Work item —
The answer must be a single number: the count of lines in the data below that hold the word "holG".
** Data records follows **
lemma coeffs_nonneg_prod:
  "(\<And>j. j \<in> A \<Longrightarrow> coeffs_nonneg (f j)) \<Longrightarrow> coeffs_nonneg (\<lambda>z. \<Prod>j\<in>A. f j z)"
  by (induction A rule: infinite_finite_induct)
    (auto intro: coeffs_nonneg_mult coeffs_nonneg_const simp: less_eq_complex_def)

lemma coeffs_nonneg_diff:
  assumes "coeffs_nonneg f" "coeffs_nonneg g" "coeffs_le f g"
  shows "coeffs_nonneg (\<lambda>z. g z - f z)"
proof -
  have hol: "f holomorphic_on UNIV" "g holomorphic_on UNIV"
    using assms by (auto simp: coeffs_nonneg_def)
  have "0 \<le> deriv0 k (\<lambda>z. g z - f z)" for k
    unfolding higher_deriv_diff[OF hol(2,1) open_UNIV UNIV_I] using assms(3)
    by (auto simp: coeffs_le_def)
  then show ?thesis
    using hol by (auto simp: coeffs_nonneg_def intro!: holomorphic_intros)
qed

lemma higher_deriv_linear:
  "(deriv ^^ n) (\<lambda>w. 1 + c * w) = (\<lambda>z. if n = 0 then 1 + c * z else if n = 1 then c else 0)"
proof (induction n)
  case (Suc n)
  have "deriv (\<lambda>w. 1 + c * w) z = c" for z
    by (rule DERIV_imp_deriv) (auto intro!: derivative_eq_intros)
  then show ?case
    unfolding funpow.simps(2) o_def Suc.IH by (cases "n = 0") (auto simp: fun_eq_iff)
qed simp

lemma higher_deriv_exp_linear: "(deriv ^^ n) (\<lambda>w. exp (c * w)) = (\<lambda>z. c ^ n * exp (c * z))"
proof (induction n)
  case (Suc n)
  have "deriv (\<lambda>z. c ^ n * exp (c * z)) z = c ^ Suc n * exp (c * z)" for z
    by (rule DERIV_imp_deriv) (auto intro!: derivative_eq_intros simp: algebra_simps)
  then show ?case
    unfolding funpow.simps(2) o_def Suc.IH by (auto simp: fun_eq_iff)
qed simp

lemma coeffs_nonneg_linear: "0 \<le> c \<Longrightarrow> coeffs_nonneg (\<lambda>z. 1 + of_real c * z)"
  by (auto simp: coeffs_nonneg_def higher_deriv_linear less_eq_complex_def intro!: holomorphic_intros)

lemma coeffs_nonneg_exp_linear: "0 \<le> c \<Longrightarrow> coeffs_nonneg (\<lambda>z. exp (of_real c * z))"
  by (auto simp: coeffs_nonneg_def higher_deriv_exp_linear less_eq_complex_def
      simp flip: of_real_power exp_of_real intro!: holomorphic_intros)

lemma coeffs_le_one_linear: "0 \<le> c \<Longrightarrow> coeffs_le (\<lambda>z. 1) (\<lambda>z. 1 + of_real c * z)"
  by (auto simp: coeffs_le_def higher_deriv_linear less_eq_complex_def)

lemma coeffs_le_linear_exp_linear:
  "0 \<le> c \<Longrightarrow> coeffs_le (\<lambda>z. 1 + of_real c * z) (\<lambda>z. exp (of_real c * z))"
  by (auto simp: coeffs_le_def higher_deriv_linear higher_deriv_exp_linear less_eq_complex_def
      simp flip: of_real_power)

section \<open>Coefficient convergence from below\<close>

lemma coeffs_nonneg_norm_le:
  assumes "coeffs_nonneg d" "norm z \<le> 1"
  shows "norm (d z) \<le> Re (d 1)"
proof -
  have hol: "d holomorphic_on ball 0 2"
    using assms(1) by (auto simp: coeffs_nonneg_def)
  define r where "r n = Re (deriv0 n d) / fact n" for n
  have "deriv0 n d = of_real (Re (deriv0 n d))" and r_nonneg: "0 \<le> r n" for n
    using assms(1) unfolding coeffs_nonneg_def
    by (auto simp: r_def less_eq_complex_def complex_eq_iff)
  then have real: "deriv0 n d / fact n = of_real (r n)" for n
    by (metis r_def of_real_divide of_real_fact)
  have sums_z: "(\<lambda>n. of_real (r n) * z ^ n) sums d z"
    using holomorphic_power_series[OF hol, of z] assms(2) by (simp add: real)
  have "(\<lambda>n. complex_of_real (r n)) sums d 1"
    using holomorphic_power_series[OF hol, of 1] by (simp add: real)
  from sums_Re[OF this] have sums_1: "r sums Re (d 1)"
    by simp
  have term_le: "norm (of_real (r n) * z ^ n) \<le> r n" for n
    using r_nonneg[of n] assms(2)
    by (simp add: norm_mult norm_power mult_left_le power_le_one)
  have summable: "summable (\<lambda>n. norm (of_real (r n) * z ^ n))"
    by (rule summable_comparison_test[of _ r]) (use term_le sums_summable[OF sums_1] in auto)
  have "norm (d z) = norm (\<Sum>n. of_real (r n) * z ^ n)"
    using sums_unique[OF sums_z] by simp
  also have "\<dots> \<le> (\<Sum>n. norm (of_real (r n) * z ^ n))"
    by (rule summable_norm[OF summable])
  also have "\<dots> \<le> (\<Sum>n. r n)"
    by (rule suminf_le[OF term_le summable sums_summable[OF sums_1]])
  also have "\<dots> = Re (d 1)"
    using sums_unique[OF sums_1] by simp
  finally show ?thesis .
qed

lemma higher_deriv_tendsto_of_uniform_on_unit_disc:
  assumes holF: "F holomorphic_on UNIV" and holG: "\<And>n. G n holomorphic_on UNIV"
    and bound: "\<And>n z. norm z \<le> 1 \<Longrightarrow> norm (F z - G n z) \<le> e n" and e: "e \<longlonglongrightarrow> 0"
  shows "(\<lambda>n. deriv0 k (G n)) \<longlonglongrightarrow> deriv0 k F"
proof -
  have bound_deriv: "norm (deriv0 k F - deriv0 k (G n)) \<le> fact k * e n" for n
  proof -
    have hol: "(\<lambda>z. F z - G n z) holomorphic_on UNIV"
      using holomorphic_on_diff[OF holF holG] .
    have "norm (deriv0 k (\<lambda>z. F z - G n z)) \<le> fact k * e n / 1 ^ k"
    proof (rule Cauchy_inequality)
      show "(\<lambda>z. F z - G n z) holomorphic_on ball 0 1"
        using hol by (rule holomorphic_on_subset) simp
      show "continuous_on (cball 0 1) (\<lambda>z. F z - G n z)"
        using holomorphic_on_imp_continuous_on[OF hol] by (rule continuous_on_subset) simp
      show "norm (F z - G n z) \<le> e n" if "norm (0 - z) = 1" for z
        using bound that by simp
    qed simp
    then show ?thesis
      by (simp add: higher_deriv_diff[OF holF holG open_UNIV UNIV_I])
  qed
  have "(\<lambda>n. deriv0 k F - deriv0 k (G n)) \<longlonglongrightarrow> 0"
    by (rule Lim_null_comparison[OF always_eventually tendsto_mult_right_zero[OF e]])
      (use bound_deriv in blast)
  from tendsto_diff[OF tendsto_const this, of "deriv0 k F"] show ?thesis
    by simp
qed

lemma complex_le_tendsto:
  fixes X :: "nat \<Rightarrow> complex"
  assumes "X \<longlonglongrightarrow> l" "\<forall>\<^sub>F n in sequentially. c \<le> X n"
  shows "c \<le> l"
proof -
  have "\<forall>\<^sub>F n in sequentially. Im (X n) = Im c"
    using assms(2) by eventually_elim (simp add: less_eq_complex_def)
  then have "(\<lambda>n. Im (X n)) \<longlonglongrightarrow> Im c"
    by (rule tendsto_eventually)
  then have "Im l = Im c"
    using tendsto_Im[OF assms(1)] LIMSEQ_unique by blast
  moreover have "Re c \<le> Re l"
    using assms(2)
    by (intro tendsto_le[OF _ tendsto_Re[OF assms(1)] tendsto_const])
      (simp_all add: eventually_mono less_eq_complex_def)
  ultimately show ?thesis
    by (simp add: less_eq_complex_def)
qed

text \<open>Uniform convergence on the unit disc comes from bounding \<open>G m - G n\<close>, which has
  nonnegative coefficients, by its value at \<open>1\<close>.\<close>

lemma coeffs_le_limit:
  assumes nonneg: "\<And>n. coeffs_nonneg (G n)" and mono: "\<And>n. coeffs_le (G n) (G (Suc n))"
    and lim: "\<And>z. (\<lambda>n. G n z) \<longlonglongrightarrow> F z" and holF: "F holomorphic_on UNIV"
  shows "coeffs_le (G n) F"
proof -
  have bound: "norm (F z - G n z) \<le> Re (F 1) - Re (G n 1)" if "norm z \<le> 1" for z n
  proof (rule LIMSEQ_le)
    show "(\<lambda>m. norm (G m z - G n z)) \<longlonglongrightarrow> norm (F z - G n z)"
      "(\<lambda>m. Re (G m 1) - Re (G n 1)) \<longlonglongrightarrow> Re (F 1) - Re (G n 1)"
      by (intro tendsto_intros lim)+
    have "norm (G m z - G n z) \<le> Re (G m 1) - Re (G n 1)" if "n \<le> m" for m
    proof -
      have "coeffs_nonneg (\<lambda>z. G m z - G n z)"
        using nonneg nonneg coeffs_le_chain[of G, OF mono that] by (rule coeffs_nonneg_diff)
      from coeffs_nonneg_norm_le[OF this \<open>norm z \<le> 1\<close>] show ?thesis
        by simp
    qed
    then show "\<exists>N. \<forall>m\<ge>N. norm (G m z - G n z) \<le> Re (G m 1) - Re (G n 1)"
      by blast
  qed
  have "(\<lambda>m. Re (F 1) - Re (G m 1)) \<longlonglongrightarrow> Re (F 1) - Re (F 1)"
    by (intro tendsto_intros lim)
  then have "(\<lambda>m. Re (F 1) - Re (G m 1)) \<longlonglongrightarrow> 0"
    by simp
  then have coeffs: "(\<lambda>m. deriv0 k (G m)) \<longlonglongrightarrow> deriv0 k F" for k
    using coeffs_nonneg_holomorphic[OF nonneg] bound
    by (intro higher_deriv_tendsto_of_uniform_on_unit_disc[OF holF]) auto
  have "deriv0 k (G n) \<le> deriv0 k F" for k
    using coeffs_le_chain[of G, OF mono]
    by (intro complex_le_tendsto[OF coeffs] eventually_sequentiallyI[of n]) (simp add: coeffs_le_def)
  then show ?thesis
    by (simp add: coeffs_le_def)
qed

lemma coeffs_tendsto_of_le:
  assumes nonneg: "\<And>n. coeffs_nonneg (Q n)" and le: "\<And>n. coeffs_le (Q n) F"
    and holF: "F holomorphic_on UNIV" and lim: "(\<lambda>n. Q n 1) \<longlonglongrightarrow> F 1"
  shows "(\<lambda>n. deriv0 k (Q n)) \<longlonglongrightarrow> deriv0 k F"
proof (rule higher_deriv_tendsto_of_uniform_on_unit_disc[OF holF])
  show "Q n holomorphic_on UNIV" for n
    using nonneg by (rule coeffs_nonneg_holomorphic)
  have "coeffs_nonneg F"
    using coeffs_nonneg_le[OF nonneg le holF] .
  then show "norm (F z - Q n z) \<le> Re (F 1 - Q n 1)" if "norm z \<le> 1" for n z
    using coeffs_nonneg_norm_le[OF coeffs_nonneg_diff[OF nonneg _ le] that] by simp
  show "(\<lambda>n. Re (F 1 - Q n 1)) \<longlonglongrightarrow> 0"
    using tendsto_Re[OF tendsto_diff[OF tendsto_const lim, of "F 1"]] by simp
qed

section \<open>Polynomial approximants in \<open>P\<^sup>+\<close>\<close>

lemma prod_lessThan_padded_list:
  fixes ys :: "real list" and g :: "real \<Rightarrow> complex"
  assumes "g 0 = 1" "length ys \<le> n"
  shows "(\<Prod>j<n. g (if j < length ys then ys ! j else 0)) = (\<Prod>x\<leftarrow>ys. g x)"
  using assms(2)
proof (induction n rule: dec_induct)
  case base
  have "(\<Prod>x\<leftarrow>ys. g x) = (\<Prod>j = 0..<length ys. g (ys ! j))"
    by (subst prod.list_conv_set_nth) (auto intro: prod.cong)
  then show ?case
    by (simp add: atLeast0LessThan)
next
  case (step m)
  then show ?case
    using assms(1) by simp
qed

text \<open>Sorted decreasingly and padded with zeros, \<open>xs\<close> serves as the sequence \<open>\<beta>\<close> in the
  definition of \<^const>\<open>L_plus\<close>, with \<open>\<alpha> = 0\<close>.\<close>

lemma monomial_product_in_L_plus:
  assumes nonneg: "\<forall>x\<in>set xs. 0 \<le> x"
  shows "(\<lambda>z. C * z ^ l * (\<Prod>x\<leftarrow>xs. 1 + of_real x * z)) \<in> L_plus"
proof -
  define ys where "ys = rev (sort xs)"
  define \<beta> where "\<beta> j = (if j < length ys then ys ! j else 0)" for j
  have mset_ys: "mset ys = mset xs"
    by (simp add: ys_def)
  have ys_nonneg: "\<forall>y\<in>set ys. 0 \<le> y"
    using nonneg by (simp add: ys_def)
  have \<beta>_nonneg: "0 \<le> \<beta> j" for j
    using ys_nonneg by (simp add: \<beta>_def)
  have \<beta>_antimono: "\<beta> (Suc j) \<le> \<beta> j" for j
  proof (cases "Suc j < length ys")
    case True
    have "sorted (rev ys)"
      by (simp add: ys_def)
    then show ?thesis
      using True by (simp add: \<beta>_def sorted_rev_nth_mono)
  qed (use \<beta>_nonneg in \<open>simp add: \<beta>_def\<close>)
  have "summable \<beta>"
    by (rule summable_finite[of "{..<length ys}"]) (auto simp: \<beta>_def)
  moreover have "(\<lambda>n. C * z ^ l * exp (complex_of_real 0 * z) * (\<Prod>j<n. 1 + of_real (\<beta> j) * z))
      \<longlonglongrightarrow> C * z ^ l * (\<Prod>x\<leftarrow>xs. 1 + of_real x * z)" for z
  proof (rule tendsto_eventually, rule eventually_sequentiallyI)
    fix n assume "length ys \<le> n"
    then have "(\<Prod>j<n. 1 + of_real (\<beta> j) * z) = (\<Prod>x\<leftarrow>ys. 1 + complex_of_real x * z)"
      unfolding \<beta>_def by (intro prod_lessThan_padded_list) auto
    also have "\<dots> = (\<Prod>x\<leftarrow>xs. 1 + complex_of_real x * z)"
      using mset_ys by (metis mset_map prod_mset_prod_list)
    finally show "C * z ^ l * exp (complex_of_real 0 * z) * (\<Prod>j<n. 1 + of_real (\<beta> j) * z)
       = C * z ^ l * (\<Prod>x\<leftarrow>xs. 1 + of_real x * z)"
      by simp
  qed
  ultimately show ?thesis
    unfolding L_plus_def using \<beta>_nonneg \<beta>_antimono
    by (intro CollectI exI[of _ C] exI[of _ l] exI[of _ "0::real"] exI[of _ \<beta>]) simp
qed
** End of Data records **
Answer to the problem —
3